From Tables 3, 4, 5 and Figs. 2, 3, 4, 5, 6, 7, 8, 9, 10, 11, we can draw the following conclusions.

  • Throughout the entire simulation process, shown in Tables 3, 4 and Figs. 2, 3, 4, 5, we find that the parameter estimation errors of the GI and H-GI algorithms decrease as the iteration number k increases, and the estimation accuracy improves as the noise level reduces. However, the H-GI algorithm yields more exact estimates than the GI algorithm under the same iteration and noise variance—see Fig. 7.

  • For the same noise variance, the parameter estimation errors of the H-GI algorithm become smaller as the data length L and iteration k increase—see Table 5 and Fig. 6.

  • For sufficiently large data length, the parameter estimates of the GI and H-GI algorithms gradually approach the true values with the increase of the iteration k, which verifies the effectiveness of the GI and H-GI algorithms—see Figs. 8, 9.

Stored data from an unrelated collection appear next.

lemma set_nn_integral_dist_vcond_exp_le:
  fixes X Y :: "'a \<Rightarrow> 'b::euclidean_space"
  assumes F: "subalgebra M F" and X: "integrable M X"
    and Y[measurable]: "Y \<in> borel_measurable F" and A[measurable]: "A \<in> sets F"
    and bound: "\<And>\<omega>. \<omega> \<in> A \<Longrightarrow> norm (Y \<omega> - vcond_exp M F X \<omega>) \<le> c"
  shows "(\<integral>\<^sup>+\<omega>. ennreal (indicator A \<omega> * (norm (Y \<omega> - vcond_exp M F X \<omega>))^2) \<partial>M)
       \<le> (\<integral>\<^sup>+\<omega>. ennreal (indicator A \<omega> * (norm (Y \<omega> - X \<omega>))^2) \<partial>M)"
proof (cases "(\<integral>\<^sup>+\<omega>. ennreal (indicator A \<omega> * (norm (Y \<omega> - X \<omega>))^2) \<partial>M) = \<infinity>")
  case False
  define V where "V = vcond_exp M F X"
  define W where "W \<omega> = indicator A \<omega> *\<^sub>R (Y \<omega> - V \<omega>)" for \<omega>
  define u where "u \<omega> = indicator A \<omega> * (norm (Y \<omega> - V \<omega>))^2" for \<omega>
  define v where "v \<omega> = indicator A \<omega> * (norm (Y \<omega> - X \<omega>))^2" for \<omega>
  have [measurable]: "W \<in> borel_measurable F" unfolding W_def V_def by measurable
  have [measurable]: "A \<in> sets M" "X \<in> borel_measurable M" "Y \<in> borel_measurable M"
    "V \<in> borel_measurable M"
    using A F X measurable_from_subalg[OF F Y] measurable_from_subalg[OF F borel_measurable_vcond_exp]
    by (auto simp: subalgebra_def V_def)
  have W_bound: "norm (W \<omega>) \<le> \<bar>c\<bar>" for \<omega>
    using bound[of \<omega>] unfolding W_def V_def by (auto simp: indicator_def intro: order_trans[OF _ abs_ge_self])
  have u_W: "u \<omega> = (norm (W \<omega>))^2" for \<omega> unfolding u_def W_def by (auto simp: indicator_def)
  have "norm (u \<omega>) \<le> c^2" for \<omega> using power_mono[OF W_bound[of \<omega>], of 2] by (simp add: u_W)
  moreover have "u \<in> borel_measurable M" unfolding u_def by measurable
  ultimately have u_int: "integrable M u" by (intro integrable_const_bound AE_I2)
  have "v \<in> borel_measurable M" unfolding v_def by measurable
  then have v_int: "integrable M v"
    by (rule integrableI_nonneg) (use False in \<open>auto simp: v_def less_top\<close>)
  \<comment> \<open>u = W \<bullet> (Y - X) + W \<bullet> (X - V), and the second term has mean zero\<close>
  have WYX: "\<bar>W \<omega> \<bullet> (Y \<omega> - X \<omega>)\<bar> \<le> (u \<omega> + v \<omega>) / 2" for \<omega>
    using abs_inner_le_half_sum_squares[of "W \<omega>" "indicator A \<omega> *\<^sub>R (Y \<omega> - X \<omega>)"]
    unfolding W_def u_def v_def by (auto simp: indicator_def)
  have W_M[measurable]: "W \<in> borel_measurable M" by (rule measurable_from_subalg[OF F]) simp
  have int_WV: "integrable M (\<lambda>\<omega>. W \<omega> \<bullet> V \<omega>)" and WV_WX: "(\<integral>\<omega>. W \<omega> \<bullet> V \<omega> \<partial>M) = (\<integral>\<omega>. W \<omega> \<bullet> X \<omega> \<partial>M)"
    unfolding V_def using integral_inner_vcond_exp[OF F X _ W_bound] by auto
  have int_WX: "integrable M (\<lambda>\<omega>. W \<omega> \<bullet> X \<omega>)" by (rule integrable_inner_bounded[OF X W_M W_bound])
  have u_eq: "u \<omega> = W \<omega> \<bullet> (Y \<omega> - X \<omega>) + (W \<omega> \<bullet> X \<omega> - W \<omega> \<bullet> V \<omega>)" for \<omega>
    unfolding u_def W_def by (simp add: power2_norm_eq_inner indicator_def inner_diff_right)
  have int_WYX: "integrable M (\<lambda>\<omega>. W \<omega> \<bullet> (Y \<omega> - X \<omega>))"
    using Bochner_Integration.integrable_diff[OF u_int Bochner_Integration.integrable_diff[OF int_WX int_WV]]
    unfolding u_eq by simp
  have "integral\<^sup>L M u = (\<integral>\<omega>. W \<omega> \<bullet> (Y \<omega> - X \<omega>) + (W \<omega> \<bullet> X \<omega> - W \<omega> \<bullet> V \<omega>) \<partial>M)"
    using u_eq by (intro Bochner_Integration.integral_cong) auto
  also have "\<dots> = (\<integral>\<omega>. W \<omega> \<bullet> (Y \<omega> - X \<omega>) \<partial>M)"
    using int_WYX int_WX int_WV WV_WX by simp
  also have "\<dots> \<le> (\<integral>\<omega>. (u \<omega> + v \<omega>) / 2 \<partial>M)"
  proof (rule integral_mono[OF int_WYX])
    show "W \<omega> \<bullet> (Y \<omega> - X \<omega>) \<le> (u \<omega> + v \<omega>) / 2" for \<omega>
      using WYX[of \<omega>] by linarith
  qed (use u_int v_int in simp)
  finally have "integral\<^sup>L M u \<le> integral\<^sup>L M v" using u_int v_int by simp
  then show ?thesis
    using nn_integral_eq_integral[OF u_int] nn_integral_eq_integral[OF v_int]
    by (simp add: u_def v_def V_def ennreal_leI)
qed simp

end

lemma AE_le_of_bounded_set_nn_integral_le:
  fixes u w :: "'a \<Rightarrow> real"
  assumes F: "subalgebra M F" and [measurable]: "u \<in> borel_measurable F" "w \<in> borel_measurable F"
    and w: "\<And>\<omega>. 0 \<le> w \<omega>" "(\<integral>\<^sup>+\<omega>. ennreal (w \<omega>) \<partial>M) < \<infinity>"
    and le: "\<And>A c. A \<in> sets F \<Longrightarrow> (\<And>\<omega>. \<omega> \<in> A \<Longrightarrow> u \<omega> \<le> c) \<Longrightarrow>
       (\<integral>\<^sup>+\<omega>. ennreal (indicator A \<omega> * u \<omega>) \<partial>M) \<le> (\<integral>\<^sup>+\<omega>. ennreal (indicator A \<omega> * w \<omega>) \<partial>M)"
  shows "AE \<omega> in M. u \<omega> \<le> w \<omega>"
proof -
  define B where "B m = {\<omega> \<in> space F. w \<omega> + 1 / Suc m < u \<omega> \<and> u \<omega> \<le> m}" for m :: nat
  have [measurable]: "w \<in> borel_measurable M" by (rule measurable_from_subalg[OF F]) simp
  have B_F: "B m \<in> sets F" for m unfolding B_def by measurable
  then have B_M[measurable]: "B m \<in> sets M" for m using F by (auto simp: subalgebra_def)
  have "emeasure M (B m) = 0" for m
  proof -
    let ?I = "\<integral>\<^sup>+\<omega>. ennreal (indicator (B m) \<omega> * w \<omega>) \<partial>M"
    have "?I \<le> (\<integral>\<^sup>+\<omega>. ennreal (w \<omega>) \<partial>M)"
      by (intro nn_integral_mono) (auto simp: indicator_def w(1))
    then have I_fin: "?I \<noteq> \<infinity>" using w(2) by (auto simp: top_unique)
    have "emeasure M (B m) * ennreal (1 / Suc m) = (\<integral>\<^sup>+\<omega>. ennreal (1 / Suc m) * indicator (B m) \<omega> \<partial>M)"
      by (subst nn_integral_cmult_indicator) (simp_all add: mult.commute)
    then have "?I + emeasure M (B m) * ennreal (1 / Suc m)
        = (\<integral>\<^sup>+\<omega>. ennreal (indicator (B m) \<omega> * w \<omega>) + ennreal (1 / Suc m) * indicator (B m) \<omega> \<partial>M)"
      by (simp add: nn_integral_add)
    also have "\<dots> \<le> (\<integral>\<^sup>+\<omega>. ennreal (indicator (B m) \<omega> * u \<omega>) \<partial>M)"
    proof (intro nn_integral_mono)
      fix \<omega> show "ennreal (indicator (B m) \<omega> * w \<omega>) + ennreal (1 / Suc m) * indicator (B m) \<omega>
          \<le> ennreal (indicator (B m) \<omega> * u \<omega>)"
        using w(1)[of \<omega>]
        by (cases "\<omega> \<in> B m") (auto simp: B_def ennreal_plus[symmetric] simp del: ennreal_plus intro!: ennreal_leI)
    qed
    also have "\<dots> \<le> ?I" by (rule le[OF B_F]) (auto simp: B_def)
    finally have "?I + emeasure M (B m) * ennreal (1 / Suc m) \<le> ?I + 0" by simp
    then have "emeasure M (B m) * ennreal (1 / Suc m) = 0"
      using I_fin by (simp add: ennreal_add_left_cancel_le)
    then show ?thesis by simp
  qed
  then have "(\<Union>m. B m) \<in> null_sets M" by (intro null_sets_UN) (simp add: null_sets_def)
  then show ?thesis
  proof (rule AE_I')
    show "{\<omega> \<in> space M. \<not> u \<omega> \<le> w \<omega>} \<subseteq> (\<Union>m. B m)"
    proof
      fix \<omega> assume "\<omega> \<in> {\<omega> \<in> space M. \<not> u \<omega> \<le> w \<omega>}"
      then have \<omega>: "\<omega> \<in> space M" "0 < u \<omega> - w \<omega>" by auto
      obtain m1 :: nat where m1: "1 / Suc m1 < u \<omega> - w \<omega>"
        using reals_Archimedean[OF \<omega>(2)] by (auto simp: inverse_eq_divide)
      obtain m2 :: nat where m2: "u \<omega> \<le> m2" using real_arch_simple by blast
      have "1 / real (Suc (max m1 m2)) \<le> 1 / Suc m1" by (simp add: frac_le)
      then have "\<omega> \<in> B (max m1 m2)"
        using \<omega> m1 m2 F unfolding B_def subalgebra_def by (auto simp: le_max_iff_disj)
      then show "\<omega> \<in> (\<Union>m. B m)" by blast
    qed
  qed
qed

lemma nn_integral_mono_partition:
  fixes f g :: "'a \<Rightarrow> ennreal" and C :: "nat \<Rightarrow> 'a set"
  assumes [measurable]: "\<And>n. C n \<in> sets M" "f \<in> borel_measurable M" "g \<in> borel_measurable M"
    and disj: "disjoint_family C"
    and outside: "AE \<omega> in M. f \<omega> \<le> indicator (\<Union>n. C n) \<omega> * f \<omega>"
    and pieces: "\<And>n. (\<integral>\<^sup>+\<omega>. indicator (C n) \<omega> * f \<omega> \<partial>M) \<le> (\<integral>\<^sup>+\<omega>. indicator (C n) \<omega> * g \<omega> \<partial>M)"
  shows "integral\<^sup>N M f \<le> integral\<^sup>N M g"
proof -
  have split: "(\<integral>\<^sup>+\<omega>. indicator (\<Union>n. C n) \<omega> * u \<omega> \<partial>M) = (\<Sum>n. \<integral>\<^sup>+\<omega>. indicator (C n) \<omega> * u \<omega> \<partial>M)"
    if [measurable]: "u \<in> borel_measurable M" for u :: "'a \<Rightarrow> ennreal"
    by (subst nn_integral_suminf[symmetric]) (simp_all add: suminf_indicator[OF disj, symmetric])
  have "integral\<^sup>N M f \<le> (\<integral>\<^sup>+\<omega>. indicator (\<Union>n. C n) \<omega> * f \<omega> \<partial>M)"
    by (rule nn_integral_mono_AE[OF outside])
  also have "\<dots> \<le> (\<integral>\<^sup>+\<omega>. indicator (\<Union>n. C n) \<omega> * g \<omega> \<partial>M)"
    unfolding split[of f, simplified] split[of g, simplified] by (intro suminf_le pieces) auto
  also have "\<dots> \<le> integral\<^sup>N M g"
    by (intro nn_integral_mono) (simp add: indicator_def)
  finally show ?thesis .
qed

lemma (in prob_space) nn_integral_vcond_exp_sq_le:
  fixes X :: "'a \<Rightarrow> 'b::euclidean_space"
  assumes F: "subalgebra M F" and X: "integrable M X"
  shows "(\<integral>\<^sup>+\<omega>. ennreal ((norm (vcond_exp M F X \<omega>))^2) \<partial>M) \<le> (\<integral>\<^sup>+\<omega>. ennreal ((norm (X \<omega>))^2) \<partial>M)"
proof -
  define B where "B m = {\<omega> \<in> space F. norm (vcond_exp M F X \<omega>) \<le> real m}" for m :: nat
  have B_F: "B m \<in> sets F" for m unfolding B_def by measurable
  have [measurable]: "B m \<in> sets M" for m using B_F F by (auto simp: subalgebra_def)
  have [measurable]: "vcond_exp M F X \<in> borel_measurable M"
    by (rule measurable_from_subalg[OF F]) measurable
  define u where "u m \<omega> = ennreal (indicator (B m) \<omega> * (norm (vcond_exp M F X \<omega>))^2)" for m \<omega>
  have [measurable]: "u m \<in> borel_measurable M" for m unfolding u_def by measurable
  have "incseq u"
    by (intro incseq_SucI le_funI) (auto simp: u_def B_def indicator_def intro: ennreal_leI)
  \<comment> \<open>on B m compare the conditional expectation with the constant 0\<close>
  have "integral\<^sup>N M (u m) \<le> (\<integral>\<^sup>+\<omega>. ennreal ((norm (X \<omega>))^2) \<partial>M)" for m
  proof -
    have "integral\<^sup>N M (u m) \<le> (\<integral>\<^sup>+\<omega>. ennreal (indicator (B m) \<omega> * (norm (0 - X \<omega>))^2) \<partial>M)"
      using set_nn_integral_dist_vcond_exp_le[OF F X _ B_F, where Y="\<lambda>_. 0" and c="real m"]
      unfolding u_def by (auto simp: B_def)
    also have "\<dots> \<le> (\<integral>\<^sup>+\<omega>. ennreal ((norm (X \<omega>))^2) \<partial>M)"
      by (intro nn_integral_mono) (auto simp: indicator_def intro: ennreal_leI)
    finally show ?thesis .
  qed
  then have "(SUP m. integral\<^sup>N M (u m)) \<le> (\<integral>\<^sup>+\<omega>. ennreal ((norm (X \<omega>))^2) \<partial>M)"
    by (rule SUP_least)
  moreover have "(\<integral>\<^sup>+\<omega>. ennreal ((norm (vcond_exp M F X \<omega>))^2) \<partial>M) \<le> (\<integral>\<^sup>+\<omega>. (SUP m. u m \<omega>) \<partial>M)"
  proof (rule nn_integral_mono)
    fix \<omega> assume "\<omega> \<in> space M"
    moreover obtain m :: nat where "norm (vcond_exp M F X \<omega>) \<le> real m" using real_arch_simple by blast
    ultimately have "u m \<omega> = ennreal ((norm (vcond_exp M F X \<omega>))^2)"
      using F unfolding u_def B_def subalgebra_def by simp
    then show "ennreal ((norm (vcond_exp M F X \<omega>))^2) \<le> (SUP m. u m \<omega>)" by (metis SUP_upper UNIV_I)
  qed
  moreover have "(\<integral>\<^sup>+\<omega>. (SUP m. u m \<omega>) \<partial>M) = (SUP m. integral\<^sup>N M (u m))"
    using \<open>incseq u\<close> by (rule nn_integral_monotone_convergence_SUP) (simp add: u_def)
  ultimately show ?thesis by simp
qed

  • The predicted outputs of the GI and H-GI algorithms verge on the true values and the differences between them are small—see Figs. 10,11. This shows that the estimated models based on the GI and H-GI algorithms have good prediction performance and can acquire the dynamics of the feedback nonlinear systems well.

6 Conclusions

This paper studies the parameter identification problem for nonlinear feedback system. By negative gradient search, a GI algorithm is derived for estimating the unknown parameters. Inspired by the hierarchical identification principle, the nonlinear feedback system is decomposed into two subsystems and an H-GI algorithm is proposed for the nonlinear feedback system. Compared with the GI algorithm, the H-GI algorithm has a higher computational efficiency and a comparable parameter estimation accuracy. The simulation results demonstrate the performance of the proposed algorithms. The approaches presented in this paper can be extended to investigate the modeling and optimization of some production and process systems [22, 88, 107, 108] and can be applied to other control and schedule areas [3,4,5,6,7,8,9,10,11,12] such as information processing systems and transportation communication systems [71,72,73,74,75,76,77,78] and so on.